definition in_E :: "(nat \<Rightarrow> real) \<Rightarrow> nat \<Rightarrow> mat \<Rightarrow> bool" where
  "in_E p k M \<longleftrightarrow> (\<exists>Gs. (\<forall>G\<in>set Gs. elementary p k G) \<and>
      (\<forall>a<k. \<forall>b<k. foldr (matmul p k) Gs (idmat p) a b = M a b))"

end

theory Submission
  imports Defs "HOL-Complex_Analysis.Cauchy_Integral_Formula" "Jordan_Normal_Form.Determinant"
begin

text \<open>
  Since \<open>p(n)\<^sup>1\<^sup>/\<^sup>n \<rightarrow> \<infinity>\<close>, the series \<open>\<Sum> a\<^sub>n z\<^sup>n / p(n)\<close> is entire for every
  bounded sequence \<open>a\<close>, so \<open>f \<mapsto> (p n * coef f n)\<^sub>n\<close> is a ring isomorphism from
  \<open>(A(p), +, \<ast>)\<close> onto the bounded complex sequences with pointwise operations. A matrix in
  \<open>SL\<^sub>k(A(p))\<close> is therefore a sequence of matrices in \<open>SL\<^sub>k(\<complex>)\<close> with uniformly bounded entries.

  Every matrix in \<open>SL\<^sub>k(\<complex>)\<close> with entries bounded by \<open>C\<close> is a product of elementary matrices
  at a fixed sequence of positions, depending only on \<open>k\<close>, with coefficients bounded by some
  \<open>D(k, C)\<close>: expanding the determinant shows that the last column has an entry of size at least
  \<open>1 / (2 k! C\<^sup>k\<^sup>-\<^sup>1)\<close>, which one or two row additions with bounded coefficients turn into a
  \<open>1\<close> in the corner; the last row and column are then cleared, and the remaining block is
  handled by induction on \<open>k\<close>. Collecting, at each position, the coefficients of all the
  coordinate matrices into one bounded sequence yields a factorization over \<open>A(p)\<close>.
\<close>

hide_type (open) Matrix.mat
★ ★ ★ ★ ★
> _Work task_:
Type out the entries again, word for word.

> _Output for this exercise_:
definition in_E :: "(nat \<Rightarrow> real) \<Rightarrow> nat \<Rightarrow> mat \<Rightarrow> bool" where
  "in_E p k M \<longleftrightarrow> (\<exists>Gs. (\<forall>G\<in>set Gs. elementary p k G) \<and>
      (\<forall>a<k. \<forall>b<k. foldr (matmul p k) Gs (idmat p) a b = M a b))"

end

theory Submission
  imports Defs "HOL-Complex_Analysis.Cauchy_Integral_Formula" "Jordan_Normal_Form.Determinant"
begin

text \<open>
  Since \<open>p(n)\<^sup>1\<^sup>/\<^sup>n \<rightarrow> \<infinity>\<close>, the series \<open>\<Sum> a\<^sub>n z\<^sup>n / p(n)\<close> is entire for every
  bounded sequence \<open>a\<close>, so \<open>f \<mapsto> (p n * coef f n)\<^sub>n\<close> is a ring isomorphism from
  \<open>(A(p), +, \<ast>)\<close> onto the bounded complex sequences with pointwise operations. A matrix in
  \<open>SL\<^sub>k(A(p))\<close> is therefore a sequence of matrices in \<open>SL\<^sub>k(\<complex>)\<close> with uniformly bounded entries.

  Every matrix in \<open>SL\<^sub>k(\<complex>)\<close> with entries bounded by \<open>C\<close> is a product of elementary matrices
  at a fixed sequence of positions, depending only on \<open>k\<close>, with coefficients bounded by some
  \<open>D(k, C)\<close>: expanding the determinant shows that the last column has an entry of size at least
  \<open>1 / (2 k! C\<^sup>k\<^sup>-\<^sup>1)\<close>, which one or two row additions with bounded coefficients turn into a
  \<open>1\<close> in the corner; the last row and column are then cleared, and the remaining block is
  handled by induction on \<open>k\<close>. Collecting, at each position, the coefficients of all the
  coordinate matrices into one bounded sequence yields a factorization over \<open>A(p)\<close>.
\<close>

hide_type (open) Matrix.mat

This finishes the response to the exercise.